Collected data entries:
[Start of Attachment]
lemma integrable_exp_neg_norm_square:
  fixes c :: real
  assumes "0 < c"
  shows "integrable lborel (\<lambda>(x, y). exp (- c * (x^2 + y^2)))"
proof -
  have "integrable (lborel \<Otimes>\<^sub>M lborel) (\<lambda>(x, y). exp (- c * x^2) * exp (- c * y^2))"
    using assms by (intro lborel_pair.integrable_product integrable_exp_neg_square)
  moreover have "(\<lambda>(x, y). exp (- c * x^2) * exp (- c * y^2))
      = (\<lambda>(x, y). exp (- c * (x^2 + y^2)))"
    by (simp add: fun_eq_iff exp_add[symmetric] distrib_left)
  ultimately show ?thesis
    unfolding lborel_prod by simp
qed

lemma bvn_density_Pair:
  "bvn_density r (x, y) = exp (- (x^2 - 2 * r * x * y + y^2) / (2 * (1 - r^2))) / (2 * pi * sqrt (1 - r^2))"
  by (simp add: bvn_density_def)

lemma bvn_density_nonneg: "\<bar>r\<bar> < 1 \<Longrightarrow> 0 \<le> bvn_density r z"
  using one_minus_square_pos[of r] by (simp add: bvn_density_def Let_def)

lemma bvn_density_measurable [measurable]: "bvn_density r \<in> borel_measurable borel"
  unfolding bvn_density_def[abs_def] Let_def borel_prod[symmetric] by measurable

fun bvn_density_dx :: "real \<Rightarrow> real \<times> real \<Rightarrow> real" where
  "bvn_density_dx r (x, y) = bvn_density r (x, y) * (r * y - x) / (1 - r^2)"

fun bvn_density_dxy :: "real \<Rightarrow> real \<times> real \<Rightarrow> real" where
  "bvn_density_dxy r (x, y) =
     bvn_density r (x, y) * ((x - r * y) * (y - r * x) / (1 - r^2)^2 + r / (1 - r^2))"

lemma has_real_derivative_bvn_density_x:
  assumes "\<bar>r\<bar> < 1"
  shows "((\<lambda>x. bvn_density r (x, y)) has_real_derivative bvn_density_dx r (x, y)) (at x)"
proof -
  define s where "s = 1 - r^2"
  have "s \<noteq> 0" using one_minus_square_pos[OF assms] by (simp add: s_def)
  then have "((\<lambda>x. - (x^2 - 2 * r * x * y + y^2) / (2 * s)) has_real_derivative (r * y - x) / s) (at x)"
    by (auto intro!: derivative_eq_intros simp: field_simps)
  from DERIV_exp[THEN DERIV_chain2, OF this] show ?thesis
    unfolding bvn_density_Pair bvn_density_dx.simps s_def by (rule DERIV_cdivide[THEN DERIV_cong]) simp
qed

lemma has_real_derivative_bvn_density_dx_y:
  assumes "\<bar>r\<bar> < 1"
  shows "((\<lambda>y. bvn_density_dx r (x, y)) has_real_derivative bvn_density_dxy r (x, y)) (at y)"
proof -
  define s where "s = 1 - r^2"
  have s: "s \<noteq> 0" using one_minus_square_pos[OF assms] by (simp add: s_def)
  then have "((\<lambda>y. - (x^2 - 2 * r * x * y + y^2) / (2 * s)) has_real_derivative (r * x - y) / s) (at y)"
    by (auto intro!: derivative_eq_intros simp: field_simps)
  from DERIV_exp[THEN DERIV_chain2, OF this]
  have "((\<lambda>y. bvn_density r (x, y)) has_real_derivative
      bvn_density r (x, y) * ((r * x - y) / s)) (at y)"
    unfolding bvn_density_Pair s_def by (rule DERIV_cdivide[THEN DERIV_cong]) simp
  then show ?thesis
    unfolding bvn_density_dx.simps bvn_density_dxy.simps s_def[symmetric]
    by (auto intro!: derivative_eq_intros simp: s field_simps power2_eq_square)
qed

lemma plackett_identity:
  assumes "\<bar>r\<bar> < 1"
  shows "((\<lambda>r. bvn_density r (x, y)) has_real_derivative bvn_density_dxy r (x, y)) (at r)"
proof -
  define s where "s = 1 - r^2"
  have s: "0 < s" using one_minus_square_pos[OF assms] by (simp add: s_def)
  have "((\<lambda>r. - (x^2 - 2 * r * x * y + y^2)) has_real_derivative 2 * x * y) (at r)"
    by (auto intro!: derivative_eq_intros)
  moreover have "((\<lambda>r. 2 * (1 - r^2)) has_real_derivative - 4 * r) (at r)"
    by (auto intro!: derivative_eq_intros)
  moreover have "(2 * x * y * (2 * s) - - (x^2 - 2 * r * x * y + y^2) * (- 4 * r)) / (2 * s * (2 * s))
      = (x - r * y) * (y - r * x) / s^2"
  proof -
    have "2 * x * y * (2 * s) - - (x^2 - 2 * r * x * y + y^2) * (- 4 * r) = 4 * ((x - r * y) * (y - r * x))"
      unfolding s_def by (simp add: algebra_simps power2_eq_square)
    then have "(2 * x * y * (2 * s) - - (x^2 - 2 * r * x * y + y^2) * (- 4 * r)) / (2 * s * (2 * s))
        = 4 * ((x - r * y) * (y - r * x)) / (4 * s^2)"
      by (simp add: power2_eq_square mult_ac)
    then show ?thesis by simp
  qed
  ultimately have E: "((\<lambda>r. - (x^2 - 2 * r * x * y + y^2) / (2 * (1 - r^2))) has_real_derivative
      (x - r * y) * (y - r * x) / s^2) (at r)"
    using s by (auto simp: s_def intro!: DERIV_divide[THEN DERIV_cong])
  have N: "((\<lambda>r. 2 * pi * sqrt (1 - r^2)) has_real_derivative - 2 * pi * r / sqrt s) (at r)"
    using s by (auto intro!: derivative_eq_intros simp: s_def field_simps)
  have "- 2 * pi * r / sqrt s / (2 * pi * sqrt s) = - (r / s)"
    using s by (simp add: field_simps)
  with has_real_derivative_exp_divide[OF E N] s show ?thesis
    unfolding bvn_density_dxy.simps bvn_density_Pair s_def[symmetric] by simp
qed

lemma bvn_density_dxy_measurable [measurable]:
  "(\<lambda>(r, z). bvn_density_dxy r z) \<in> borel_measurable (borel \<Otimes>\<^sub>M borel)"
proof -
  have "(\<lambda>(r, z). bvn_density_dxy r z) = (\<lambda>(r, x, y). bvn_density r (x, y) *
      ((x - r * y) * (y - r * x) / (1 - r^2)^2 + r / (1 - r^2)))"
    by auto
  moreover have "\<dots> \<in> borel_measurable (borel \<Otimes>\<^sub>M (borel \<Otimes>\<^sub>M borel))"
    unfolding bvn_density_Pair by measurable
  ultimately show ?thesis
    by (simp add: borel_prod)
qed

lemma isCont_bvn_density_dx:
  assumes "\<bar>r\<bar> < 1"
  shows "isCont (\<lambda>x. bvn_density_dx r (x, y)) x"
  using one_minus_square_pos[OF assms]
  by (auto simp: bvn_density_Pair intro!: continuous_intros)

lemma isCont_bvn_density_dxy_y:
  assumes "\<bar>r\<bar> < 1"
  shows "isCont (\<lambda>y. bvn_density_dxy r (x, y)) y"
  using one_minus_square_pos[OF assms]
  by (auto simp: bvn_density_Pair intro!: continuous_intros)

lemma isCont_bvn_density_dxy_r:
  assumes "\<bar>r\<bar> < 1"
  shows "isCont (\<lambda>r. bvn_density_dxy r (x, y)) r"
  using one_minus_square_pos[OF assms]
  by (auto simp: bvn_density_Pair intro!: continuous_intros)

lemma bvn_density_tendsto_0:
  assumes "\<bar>r\<bar> < 1"
  shows "((\<lambda>x. bvn_density r (x, y)) \<longlongrightarrow> 0) at_top"
  using one_minus_square_pos[OF assms] unfolding bvn_density_Pair by real_asymp

lemma bvn_density_dx_tendsto_0:
  assumes "\<bar>r\<bar> < 1"
  shows "((\<lambda>y. bvn_density_dx r (x, y)) \<longlongrightarrow> 0) at_top"
  using one_minus_square_pos[OF assms] unfolding bvn_density_dx.simps bvn_density_Pair by real_asymp
(* Let $p\ge3$ be a prime, let $c_1,c_2\in(0,1/2]$, and let $D_1,D_2$ be probability distributions on $\mathbb{F}_p$ with $D_i(x)\le1-c_i$ for all $x\in\mathbb{F}_p$ and $i=1,2$. Let $\epsilon>0$, let $n_1,n_2$ be positive integers, and let $b:\mathbb{F}_p^{n_1}\times\mathbb{F}_p^{n_2}\to\mathbb{F}_p$ be a bilinear form with $|\mathrm{bias}_{t,(D_1,D_2)}b|\ge\epsilon$ for some $t\in\mathbb{F}_p^*$. Then $b$ has rank at most $K_{p,c_1,c_2}(\epsilon)=2c_1^{-1}c_2^{-1}\pi^{-2}p^2\log(2ep/c_1)\log(3/\epsilon)$.
   Context: $\omega_p=\exp(2\pi i/p)$. $\mathrm{bias}_{t,(D_1,D_2)}b=\mathbb{E}_{x\sim D_1^{n_1},\,y\sim D_2^{n_2}}\omega_p^{t\,b(x,y)}$, with product distributions having independent coordinates. The rank of $b$ is the rank of its coefficient matrix. *)

theory Defs
  imports Complex_Main "HOL-Probability.Probability_Mass_Function"
    "Jordan_Normal_Form.DL_Rank" "Berlekamp_Zassenhaus.Finite_Field"
begin

text \<open>F_p is the type 'p mod_ring with 'p of prime cardinality p = CARD('p).
  Elements of F_p^n are functions {..<n} -> F_p (extensional).
  A bilinear form b on F_p^n1 x F_p^n2 is given by its coefficient matrix B
  (an n1 x n2 matrix over F_p): b(x,y) = sum_i sum_j x_i B_ij y_j.\<close>

definition bil_form :: "'p::prime_card mod_ring mat \<Rightarrow> (nat \<Rightarrow> 'p mod_ring) \<Rightarrow> (nat \<Rightarrow> 'p mod_ring) \<Rightarrow> 'p mod_ring" where
  "bil_form B x y = (\<Sum>i<dim_row B. \<Sum>j<dim_col B. x i * B $$ (i, j) * y j)"

definition omega_pow :: "'p::prime_card mod_ring \<Rightarrow> complex" where
  "omega_pow a = cis (2 * pi * real_of_int (to_int_mod_ring a) / real CARD('p))"

text \<open>bias_{t,(D1,D2)} b = E_{x ~ D1^n1, y ~ D2^n2} omega_p^{t b(x,y)}, with
  product distributions (independent coordinates).\<close>
definition bias :: "'p::prime_card mod_ring \<Rightarrow> 'p mod_ring pmf \<Rightarrow> 'p mod_ring pmf \<Rightarrow> 'p mod_ring mat \<Rightarrow> complex" where
  "bias t D1 D2 B =
     (\<Sum>x\<in>PiE {..<dim_row B} (\<lambda>_. UNIV). \<Sum>y\<in>PiE {..<dim_col B} (\<lambda>_. UNIV).
        complex_of_real ((\<Prod>i<dim_row B. pmf D1 (x i)) * (\<Prod>j<dim_col B. pmf D2 (y j)))
        * omega_pow (t * bil_form B x y))"

definition bil_rank :: "'p::prime_card mod_ring mat \<Rightarrow> nat" where
  "bil_rank B = vec_space.rank (dim_row B) B"

end

(*
  Summing over y first, the bias is E_x prod_j F (t (xB)_j), where F s = sum_v D2 v omega_p^(s v)
  is the Fourier transform of D2. As D2 is not concentrated, |F s|^2 <= 1 - c2 (1 - cos (2 pi/p))
  for s <> 0, so |bias| <= E_x exp (-A N x) with A = c2 (1 - cos (2 pi/p)) / 2, where N x counts
  the nonzero values among r = rank B linearly independent forms (xB)_j. As D1 is not
  concentrated, Gaussian elimination shows that these r forms take any prescribed value with
  probability at most (1 - c1)^r, whence E_x lambda^(N x) <= ((1 - c1) (1 + (p - 1) lambda))^r.
  Splitting exp (-A N) <= exp (-A kappa) + lambda^(N - kappa) and taking kappa and lambda
  proportional to r bounds both terms by exp (-A beta r), so eps <= 2 exp (-A beta r).
*)

theory Submission
  imports Defs "HOL-Analysis.Complex_Transcendental"
begin

lemma omega_pow_add:
  fixes a b :: "'p::prime_card mod_ring"
  shows "omega_pow (a + b) = omega_pow a * omega_pow b"
proof -
  let ?p = "int CARD('p)"
  let ?x = "to_int_mod_ring a + to_int_mod_ring b"
  have "omega_pow (a + b) = cis (2 * pi * real_of_int (?x mod ?p) / real CARD('p))"
    unfolding omega_pow_def to_int_mod_ring_add by simp
  also have "?x mod ?p = ?x - ?p * (?x div ?p)"
    by (simp add: minus_div_mult_eq_mod[symmetric] algebra_simps)
  also have "cis (2 * pi * real_of_int (?x - ?p * (?x div ?p)) / real CARD('p))
      = cis (2 * pi * real_of_int ?x / real CARD('p) - 2 * pi * real_of_int (?x div ?p))"
    by (simp add: field_simps)
  also have "\<dots> = cis (2 * pi * real_of_int ?x / real CARD('p))"
    by (simp add: cis_divide[symmetric])
  also have "\<dots> = omega_pow a * omega_pow b"
    unfolding omega_pow_def cis_mult by (simp add: field_simps)
  finally show ?thesis .
qed

lemma omega_pow_zero [simp]: "omega_pow (0::'p::prime_card mod_ring) = 1"
  unfolding omega_pow_def by simp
[End of Attachment]
▶ ASSIGNMENT: From the very first line of the data through the line with "(lborel \<Otimes>\<^sub>M lborel)" in it, please reproduce each line exactly and output nothing more.

▶ WRITTEN SOLUTION:
lemma integrable_exp_neg_norm_square:
  fixes c :: real
  assumes "0 < c"
  shows "integrable lborel (\<lambda>(x, y). exp (- c * (x^2 + y^2)))"
proof -
  have "integrable (lborel \<Otimes>\<^sub>M lborel) (\<lambda>(x, y). exp (- c * x^2) * exp (- c * y^2))"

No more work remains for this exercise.